There are two basic ways to persist this history to disk: saving the transitions, or saving the states. Subversion takes the former approach, saving the transitions as the diffs of files, and using those diffs to calculate the actual contents of the files at given points in time. Git takes the opposite approach, saving snapshots of the file contents at discrete points in time, and using those snapshots to calculate the file diff that led to another snapshot.
But which system is best?
For a while, I worked for a startup that specialized in allowing users to purchase and trade digital cards. (Think baseball card collecting, but online.) Originally, the application modeled trades as a series of trade events.

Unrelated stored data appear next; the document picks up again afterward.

(* Assume $\lambda_1,\lambda_2\ge0$ with $\lambda_1\lambda_2=0$. Then there exists a unique Nash equilibrium $\theta^*=(\theta_1^*,\theta_2^* )$ of premium strategies for the two competing reinsurers, and the insurer's equilibrium reinsurance strategy is $p^*=\bar p^{\theta^*}$. Moreover: (1) if $\lambda_i=0$ and $\lambda_j>0$ ($\{i,j\}=\{1,2\}$), then $(\theta_i^*,\theta_j^* )$ is the unique fixed point of $(\theta_i,\theta_j)\mapsto(\varphi_i(\theta_j),\varphi_j(\theta_i))$, where $\varphi_j(x)=\frac{(\delta_0+2\delta_j)x+\delta_0\delta_j}{2x+\delta_0}$; (2) if $\lambda_1=\lambda_2=0$, then \[ \theta_1^*=\frac{\delta_1}2+\frac12\sqrt{\frac{\delta_0+\delta_1}{\delta_0+\delta_2}(\delta_0\delta_1+\delta_0\delta_2+\delta_1\delta_2)},\qquad \theta_2^*=\frac{\delta_2}2+\frac12\sqrt{\frac{\delta_0+\delta_2}{\delta_0+\delta_1}(\delta_0\delta_1+\delta_0\delta_2+\delta_1\delta_2)}. \]
   Context: Setting: over $[0,T]$, an insurer with loss $dL=\mu dt+\sigma dW$ ($\mu,\sigma>0$, $W$ a standard Brownian motion with augmented natural filtration) and income rate $c>0$ cedes proportions $p_1,p_2$ (deterministic, $p_i\in[0,1]$, $p_1+p_2\in[0,1]$) to Reinsurers 1, 2, who charge variance premiums at rate $\mu p_k+\theta_k\sigma^2p_k^2$ with loadings $\theta_k$ (admissible: deterministic, positive, uniformly bounded functions). Agents have exponential utilities $U_k(x)=-\frac1{\delta_k}e^{-\delta_kx}$, $\delta_k>0$ ($k=0$ insurer, $k=1,2$ reinsurers). Insurer's surplus: $dX_0=(c-\mu-\theta_1\sigma^2p_1^2-\theta_2\sigma^2p_2^2)dt-\sigma(1-p_1-p_2)dW$; given $\theta=(\theta_1,\theta_2)$ the insurer chooses $\bar p^\theta$ maximizing $\mathbb E[U_0(X_0(T))\mid X_0(t)=x]$; explicitly $\bar p_1^\theta=\frac{\delta_0\theta_2}{\delta_0\theta_1+\delta_0\theta_2+2\theta_1\theta_2}$, $\bar p_2^\theta=\frac{\delta_0\theta_1}{\delta_0\theta_1+\delta_0\theta_2+2\theta_1\theta_2}$. Reinsurer surplus under this response: $dX_k=\theta_k\sigma^2(\bar p_k^\theta)^2dt-\sigma\bar p_k^\theta dW$. Reinsurer $i$'s relative performance is $Y_i=X_i-\lambda_jX_j$ ($j\ne i$), and for fixed $\theta_j$ Reinsurer $i$ chooses $\bar\theta_i^{\theta_j}$ maximizing $\mathbb E[U_i(Y_i(T))\mid Y_i(t)=y]$. A Nash equilibrium of premium strategies is an admissible fixed point $\theta^*$ of $(\theta_1,\theta_2)\mapsto(\bar\theta_1^{\theta_2},\bar\theta_2^{\theta_1})$. For $i\ne j$ define \[ \varphi_i(x)=\frac{(\delta_0+2\delta_i)x^2+(1+\lambda_j)\delta_0\delta_i\,x}{2x^2+\big((1+2\lambda_j)\delta_0+2\lambda_j\delta_i\big)x+\lambda_j(1+\lambda_j)\delta_0\delta_i},\quad x>0, \] which for $\lambda_j=0$ reduces to $\frac{(\delta_0+2\delta_i)x+\delta_0\delta_i}{2x+\delta_0}$. *)

theory Defs
  imports "HOL-Analysis.Analysis" "HOL-Probability.Probability"
begin
(* Let $n\ge1$, let $a=x_0<x_1<\dots<x_n=b$ be a partition of $[a,b]$, and let $Z$ be the $(n+1)\times(n+1)$ matrix with entries $Z_{jk}=l_k'(x_j)$, where $l_k$ are the Lagrange basis polynomials of the partition. Let $P(z)=a_kz^k+a_{k+1}z^{k+1}+\dots+a_mz^m$ be a real polynomial with $0\le k\le n$, $k\le m$ and $a_k\ne0$. Then $\operatorname{rank} Z=n$, $Z^{n+1}=0$, and $\operatorname{rank} P(Z)=\operatorname{rank} Z^k=n+1-k$.
   Context: $l_k(x)=\prod_{m\ne k}(x-x_m)/\prod_{m\ne k}(x_k-x_m)$ for $k=0,\dots,n$. The matrix $Z$ is the finite dimensional (Lie-algebraic) representation of $d/dx$, so $P(Z)$ represents the operator $a_k\frac{d^k}{dx^k}+\dots+a_m\frac{d^m}{dx^m}$. *)

theory Defs
  imports "Jordan_Normal_Form.DL_Rank" "HOL-Computational_Algebra.Polynomial"
begin

definition lagrange_basis :: "(nat \<Rightarrow> real) \<Rightarrow> nat \<Rightarrow> nat \<Rightarrow> real poly" where
  "lagrange_basis x n k =
     Polynomial.smult (1 / (\<Prod>m\<in>{0..n} - {k}. (x k - x m))) (\<Prod>m\<in>{0..n} - {k}. [:- x m, 1:])"

definition diff_mat :: "(nat \<Rightarrow> real) \<Rightarrow> nat \<Rightarrow> real mat" where
  "diff_mat x n = mat (n+1) (n+1) (\<lambda>(j,k). poly (pderiv (lagrange_basis x n k)) (x j))"

definition poly_mat :: "nat \<Rightarrow> 'a::comm_ring_1 poly \<Rightarrow> 'a mat \<Rightarrow> 'a mat" where
  "poly_mat d p A = mat d d (\<lambda>(r,c). \<Sum>i\<le>degree p. coeff p i * (A ^\<^sub>m i) $$ (r,c))"

end

theory Submission
  imports Defs
begin

(*
  Let R_n be the space of real polynomials of degree at most n and let
  E(p) = (p(x_0), ..., p(x_n)) be the vector of values of p at the (distinct) nodes.
  By Lagrange interpolation E : R_n -> R^(n+1) is a linear bijection, and the
  interpolation formula p = sum_k p(x_k) l_k shows Z E(p) = E(p'): the matrix Z is
  differentiation written in node values.  Consequently P(Z) E(p) = E(P(D) p) with
  P(D) = sum_i a_i d^i/dx^i, and Z^(n+1) = 0 because the (n+1)-st derivative kills R_n.

  For the rank we multiply P(Z) by the (invertible) Vandermonde matrix, whose columns are
  E(x^j).  The columns of the product are E(P(D) x^j): they vanish for j < k, while for
  j = k + l the polynomial P(D) x^j has degree exactly l.  Such a triangular family is
  linearly independent, hence so are its node values, and rank P(Z) = n + 1 - k.  The
  theorem follows by applying this to P, to z^k and to z.
*)

section \<open>Lagrange interpolation\<close>

lemma increasing_nodes_inj_on:
  fixes x :: "nat \<Rightarrow> 'a::linorder"
  assumes "\<And>i. i < n \<Longrightarrow> x i < x (Suc i)"
  shows "inj_on x {0..n}"
proof -
  have less: "x i < x j" if "i < j" "j \<le> n" for i j
    using that
  proof (induction j)
    case (Suc j)
    then have "x j < x (Suc j)" using assms by simp
    then show ?case using Suc by (cases "i = j") auto
  qed simp
  show ?thesis
    by (rule inj_onI) (metis atLeastAtMost_iff less less_irrefl linorder_neqE_nat)
qed

lemma poly_eq_0_if_zero_at_nodes:
  fixes q :: "real poly"
  assumes inj: "inj_on x {0..n}" and deg: "degree q \<le> n"
    and zero: "\<And>j. j \<le> n \<Longrightarrow> poly q (x j) = 0"
  shows "q = 0"
proof (rule poly_eqI_degree[of "x ` {0..n}"])
  have "card (x ` {0..n}) = n + 1" using card_image[OF inj] by simp
  then show "degree q < card (x ` {0..n})" "degree (0::real poly) < card (x ` {0..n})"
    using deg by auto
qed (use zero in auto)

lemma lagrange_basis_at_node:
  assumes inj: "inj_on x {0..n}" and "j \<le> n" and "k \<le> n"
  shows "poly (lagrange_basis x n k) (x j) = (if j = k then 1 else 0)"
proof -
  have "poly (lagrange_basis x n k) (x j) =
      (\<Prod>m\<in>{0..n} - {k}. x j - x m) / (\<Prod>m\<in>{0..n} - {k}. x k - x m)"
    by (simp add: lagrange_basis_def poly_prod)
  moreover have "(\<Prod>m\<in>{0..n} - {k}. x k - x m) \<noteq> 0"
    using inj \<open>k \<le> n\<close> by (auto simp: inj_on_eq_iff)
  moreover have "(\<Prod>m\<in>{0..n} - {k}. x j - x m) = 0" if "j \<noteq> k"
    using that \<open>j \<le> n\<close> by (auto intro!: bexI[of _ j])
  ultimately show ?thesis by auto
qed

lemma degree_lagrange_basis:
  assumes "k \<le> n"
  shows "degree (lagrange_basis x n k) \<le> n"
proof -
  have "degree (\<Prod>m\<in>{0..n} - {k}. [:- x m, 1:]) \<le> (\<Sum>m\<in>{0..n} - {k}. degree [:- x m, 1:])"
    using degree_prod_sum_le[of "{0..n} - {k}" "\<lambda>m. [:- x m, 1:]"] by (simp add: o_def)
  also have "\<dots> = n" using assms by (simp add: card_Diff_singleton)
  finally show ?thesis
    unfolding lagrange_basis_def using degree_smult_le order_trans by blast
qed

definition interpolant :: "(nat \<Rightarrow> real) \<Rightarrow> nat \<Rightarrow> (nat \<Rightarrow> real) \<Rightarrow> real poly" where
  "interpolant x n y = (\<Sum>k\<le>n. Polynomial.smult (y k) (lagrange_basis x n k))"

lemma degree_interpolant: "degree (interpolant x n y) \<le> n"
  unfolding interpolant_def
  by (rule degree_sum_le) (auto intro!: order_trans[OF degree_smult_le] degree_lagrange_basis)

lemma interpolant_at_node:
  assumes inj: "inj_on x {0..n}" and "j \<le> n"
  shows "poly (interpolant x n y) (x j) = y j"
proof -
  have "poly (interpolant x n y) (x j) = (\<Sum>k\<le>n. if k = j then y k else 0)"
    unfolding interpolant_def poly_sum
    by (intro sum.cong) (auto simp: lagrange_basis_at_node[OF inj \<open>j \<le> n\<close>])
  then show ?thesis using \<open>j \<le> n\<close> by simp
qed

lemma interpolant_of_values:
  assumes inj: "inj_on x {0..n}" and deg: "degree p \<le> n"
  shows "interpolant x n (\<lambda>k. poly p (x k)) = p"
proof -
  have "interpolant x n (\<lambda>k. poly p (x k)) - p = 0"
    using inj degree_diff_le[OF degree_interpolant deg]
    by (rule poly_eq_0_if_zero_at_nodes) (simp add: interpolant_at_node[OF inj])
  then show ?thesis by simp
qed

section \<open>Node values and the differentiation matrix\<close>

definition node_values :: "(nat \<Rightarrow> real) \<Rightarrow> nat \<Rightarrow> real poly \<Rightarrow> real vec" where
  "node_values x n p = vec (n+1) (\<lambda>j. poly p (x j))"

lemma node_values_carrier [simp]: "node_values x n p \<in> carrier_vec (n+1)"
  by (simp add: node_values_def)

lemma node_values_0 [simp]: "node_values x n 0 = 0\<^sub>v (n+1)"
  by (rule eq_vecI) (auto simp: node_values_def)

lemma node_values_eq_0_imp:
  assumes inj: "inj_on x {0..n}" and "degree p \<le> n" and "node_values x n p = 0\<^sub>v (n+1)"
  shows "p = 0"
proof (rule poly_eq_0_if_zero_at_nodes[OF inj \<open>degree p \<le> n\<close>])
  fix j assume "j \<le> n"
  then show "poly p (x j) = 0"
    using arg_cong[OF \<open>node_values x n p = 0\<^sub>v (n+1)\<close>, of "\<lambda>v. v $ j"]
    by (simp add: node_values_def)
qed

lemma node_values_surj:
  assumes inj: "inj_on x {0..n}" and "y \<in> carrier_vec (n+1)"
  obtains p where "degree p \<le> n" "node_values x n p = y"
proof
  show "degree (interpolant x n (\<lambda>j. y $ j)) \<le> n" by (rule degree_interpolant)
  show "node_values x n (interpolant x n (\<lambda>j. y $ j)) = y"
    using assms by (intro eq_vecI) (auto simp: node_values_def interpolant_at_node)
qed

lemma diff_mat_carrier [simp]: "diff_mat x n \<in> carrier_mat (n+1) (n+1)"
  and diff_mat_dim [simp]: "dim_row (diff_mat x n) = n+1" "dim_col (diff_mat x n) = n+1"
  by (simp_all add: diff_mat_def)

lemma pderiv_sum: "pderiv (sum f A) = (\<Sum>a\<in>A. pderiv (f a))"
  using higher_pderiv_sum[of 1] by simp

text \<open>Z is differentiation in node values: differentiate the interpolation formula.\<close>
lemma diff_mat_mult_node_values:
  assumes inj: "inj_on x {0..n}" and deg: "degree p \<le> n"
  shows "diff_mat x n *\<^sub>v node_values x n p = node_values x n (pderiv p)"
proof (rule eq_vecI)
  fix j assume "j < dim_vec (node_values x n (pderiv p))"
  then have j: "j < n+1" by (simp add: node_values_def)
  have "(diff_mat x n *\<^sub>v node_values x n p) $ j
      = (\<Sum>k<n+1. poly (pderiv (lagrange_basis x n k)) (x j) * poly p (x k))"
    using j by (simp add: diff_mat_def node_values_def scalar_prod_def atLeast0LessThan)
  also have "\<dots> = poly (pderiv (interpolant x n (\<lambda>k. poly p (x k)))) (x j)"
    by (simp add: interpolant_def pderiv_sum pderiv_smult poly_sum mult.commute lessThan_Suc_atMost)
  also have "\<dots> = node_values x n (pderiv p) $ j"
    using j by (simp add: interpolant_of_values[OF inj deg] node_values_def)
  finally show "(diff_mat x n *\<^sub>v node_values x n p) $ j = node_values x n (pderiv p) $ j" .
qed (simp add: node_values_def diff_mat_def)

lemma diff_mat_pow_mult_node_values:
  assumes inj: "inj_on x {0..n}" and "degree p \<le> n"
  shows "diff_mat x n ^\<^sub>m i *\<^sub>v node_values x n p = node_values x n ((pderiv ^^ i) p)"
  using \<open>degree p \<le> n\<close>
proof (induction i arbitrary: p)
  case 0
  then show ?case by (simp add: node_values_def diff_mat_def)
next
  case (Suc i)
  let ?Z = "diff_mat x n"
  have "?Z ^\<^sub>m Suc i *\<^sub>v node_values x n p = ?Z ^\<^sub>m i *\<^sub>v (?Z *\<^sub>v node_values x n p)"
    using assoc_mult_mat_vec[OF pow_carrier_mat[OF diff_mat_carrier] diff_mat_carrier node_values_carrier]
    by simp
  also have "\<dots> = node_values x n ((pderiv ^^ i) (pderiv p))"
    using Suc by (simp add: diff_mat_mult_node_values[OF inj] degree_pderiv)
  finally show ?case by (simp add: funpow_Suc_right del: funpow.simps)
qed

definition diff_operator :: "'a::{comm_semiring_1,semiring_no_zero_divisors} poly \<Rightarrow> 'a poly \<Rightarrow> 'a poly" where
  "diff_operator P p = (\<Sum>i\<le>degree P. Polynomial.smult (coeff P i) ((pderiv ^^ i) p))"

lemma poly_mat_carrier [simp]: "poly_mat d P A \<in> carrier_mat d d"
  by (simp add: poly_mat_def)
(* Let $N\in\mathbb{N}$, $0\le\mu<L<\infty$, and let $M$ be a method which, for coefficients $\{\alpha_{i,j}\}_{i=1,\dots,N;\,j=0,\dots,i-1}$, generates iterates satisfying $w_k-w_\star=(w_0-w_\star)(1-\frac{\mu}{L}\sum_{i=0}^{k-1}\alpha_{k,i})-\sum_{i=0}^{k-1}\frac{\alpha_{k,i}}{L}\nabla\tilde f(w_i)$, $k=1,\dots,N$, where $\tilde f(x)=f(x)-\frac\mu2\|x-w_\star\|^2$. For any $d\in\mathbb{N}$, $w_0\in\mathbb{R}^d$, $f\in\mathcal{F}_{\mu,L}(\mathbb{R}^d)$, $w_\star\in\arg\min_w f(w)$ and $w_N$ the output of $M$ on $f$ from $w_0$, it holds that $\|w_N-w_\star\|^2\le \mathrm{UB}_{\mu,L}(\{\alpha_{i,j}\})\,\|w_0-w_\star\|^2$, with $\mathrm{UB}_{\mu,L}$ as defined in the context.
   Context: $\mathcal{F}_{\mu,L}(\mathbb{R}^d)$ denotes the set of proper closed convex functions $f:\mathbb{R}^d\to\mathbb{R}$ such that for all $x,y$: $f(x)\le f(y)+\langle\nabla f(y);x-y\rangle+\frac L2\|x-y\|^2$ and $f(x)\ge f(y)+\langle\nabla f(y);x-y\rangle+\frac\mu2\|x-y\|^2$. Let $e_i$ denote unit vectors; set $\mathbf{w}_0=e_1\in\mathbb{R}^{N+1}$, $\mathbf{g}_i=e_{i+2}\in\mathbb{R}^{N+1}$, $\mathbf{f}_i=e_{i+1}\in\mathbb{R}^N$ ($i=0,\dots,N-1$), and $\mathbf{w}_k=\mathbf{w}_0(1-\frac{\mu}{L}\sum_{i=0}^{k-1}\alpha_{k,i})-\sum_{i=0}^{k-1}\frac{\alpha_{k,i}}{L}\mathbf{g}_i$ for $k=1,\dots,N$. With scalars $\tau$, $\lambda_{i,i+1}$ ($i=0,\dots,N-2$), $\lambda_{\star,i}$ ($i=0,\dots,N-1$), $\lambda_{N-1,\star}$, define the symmetric matrix $S=\tau\mathbf{w}_0\mathbf{w}_0^\top-\mathbf{w}_N\mathbf{w}_N^\top+\frac{\lambda_{N-1,\star}}{2(L-\mu)}\mathbf{g}_{N-1}\mathbf{g}_{N-1}^\top+\sum_{i=0}^{N-1}\frac{\lambda_{\star,i}}{2}\big(-\mathbf{g}_i\mathbf{w}_i^\top-\mathbf{w}_i\mathbf{g}_i^\top+\frac{1}{L-\mu}\mathbf{g}_i\mathbf{g}_i^\top\big)+\sum_{i=0}^{N-2}\frac{\lambda_{i,i+1}}{2}\big(\mathbf{g}_{i+1}(\mathbf{w}_i-\mathbf{w}_{i+1})^\top+(\mathbf{w}_i-\mathbf{w}_{i+1})\mathbf{g}_{i+1}^\top+\frac{1}{L-\mu}(\mathbf{g}_i-\mathbf{g}_{i+1})(\mathbf{g}_i-\mathbf{g}_{i+1})^\top\big)$. $\mathrm{UB}_{\mu,L}(\{\alpha_{i,j}\})$ is the optimal value of: minimize $\tau$ over $\tau$ and all $\lambda$'s $\ge0$ subject to $S\succeq0$ and $\sum_{i=0}^{N-2}\lambda_{i,i+1}(\mathbf{f}_{i+1}-\mathbf{f}_i)+\sum_{i=0}^{N-1}\lambda_{\star,i}\mathbf{f}_i-\lambda_{N-1,\star}\mathbf{f}_{N-1}=0$. *)

theory Defs
  imports "HOL-Analysis.Analysis"
begin

definition F_class :: "real \<Rightarrow> real \<Rightarrow> ('a::euclidean_space \<Rightarrow> real) \<Rightarrow> ('a \<Rightarrow> 'a) \<Rightarrow> bool" where
  "F_class \<mu> L f g \<longleftrightarrow>
     convex_on UNIV f \<and>
     (\<forall>x. (f has_derivative (\<lambda>h. g x \<bullet> h)) (at x)) \<and>
     (\<forall>x y. f x \<le> f y + g y \<bullet> (x - y) + L / 2 * (norm (x - y))\<^sup>2) \<and>
     (\<forall>x y. f x \<ge> f y + g y \<bullet> (x - y) + \<mu> / 2 * (norm (x - y))\<^sup>2)"

text \<open>Vectors of R^m are functions nat => real, only indices < m matter (0-based:
  e_1 is index 0). Matrices are nat => nat => real.\<close>
definition ev :: "nat \<Rightarrow> nat \<Rightarrow> real" where
  "ev i = (\<lambda>j. if j = i then 1 else 0)"

definition wv0 :: "nat \<Rightarrow> real" where "wv0 = ev 0"
definition gv :: "nat \<Rightarrow> nat \<Rightarrow> real" where "gv i = ev (i + 2 - 1)"
definition fv :: "nat \<Rightarrow> nat \<Rightarrow> real" where "fv i = ev (i + 1 - 1)"

definition wv :: "real \<Rightarrow> real \<Rightarrow> (nat \<Rightarrow> nat \<Rightarrow> real) \<Rightarrow> nat \<Rightarrow> nat \<Rightarrow> real" where
  "wv \<mu> L \<alpha> k = (\<lambda>j. wv0 j * (1 - \<mu> / L * (\<Sum>i<k. \<alpha> k i))
                       - (\<Sum>i<k. \<alpha> k i / L * gv i j))"

definition outer :: "(nat \<Rightarrow> real) \<Rightarrow> (nat \<Rightarrow> real) \<Rightarrow> nat \<Rightarrow> nat \<Rightarrow> real" where
  "outer u v = (\<lambda>i j. u i * v j)"

definition Smat :: "real \<Rightarrow> real \<Rightarrow> (nat \<Rightarrow> nat \<Rightarrow> real) \<Rightarrow> nat \<Rightarrow> real \<Rightarrow>
    (nat \<Rightarrow> real) \<Rightarrow> (nat \<Rightarrow> real) \<Rightarrow> real \<Rightarrow> nat \<Rightarrow> nat \<Rightarrow> real" where
  "Smat \<mu> L \<alpha> N \<tau> lam lamS lamN = (\<lambda>a b.
      \<tau> * outer wv0 wv0 a b
    - outer (wv \<mu> L \<alpha> N) (wv \<mu> L \<alpha> N) a b
    + lamN / (2 * (L - \<mu>)) * outer (gv (N - 1)) (gv (N - 1)) a b
    + (\<Sum>i<N. lamS i / 2 * ( - outer (gv i) (wv \<mu> L \<alpha> i) a b - outer (wv \<mu> L \<alpha> i) (gv i) a b
                              + 1 / (L - \<mu>) * outer (gv i) (gv i) a b))
    + (\<Sum>i<N - 1. lam i / 2 *
         ( outer (gv (i + 1)) (\<lambda>j. wv \<mu> L \<alpha> i j - wv \<mu> L \<alpha> (i + 1) j) a b
         + outer (\<lambda>j. wv \<mu> L \<alpha> i j - wv \<mu> L \<alpha> (i + 1) j) (gv (i + 1)) a b
         + 1 / (L - \<mu>) * outer (\<lambda>j. gv i j - gv (i + 1) j) (\<lambda>j. gv i j - gv (i + 1) j) a b)))"

definition psd :: "nat \<Rightarrow> (nat \<Rightarrow> nat \<Rightarrow> real) \<Rightarrow> bool" where
  "psd m S \<longleftrightarrow> (\<forall>x::nat \<Rightarrow> real. 0 \<le> (\<Sum>a<m. \<Sum>b<m. x a * S a b * x b))"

A trade could be in one of four states, which corresponded to the actions users could take on those trades:
- Proposed, for trades that had been offered;
- Accepted, for trades that had been accepted by the recipient;
- Rejected, for trades that had been declined by the recipient;
- Withdrawn, for trades that were canceled by the original user before the recipient could take action on them.
Trades could also be countered by the recipient, although this was not modeled as a fifth state; rather, it was modeled as a trade with the offeror and recipient flipped.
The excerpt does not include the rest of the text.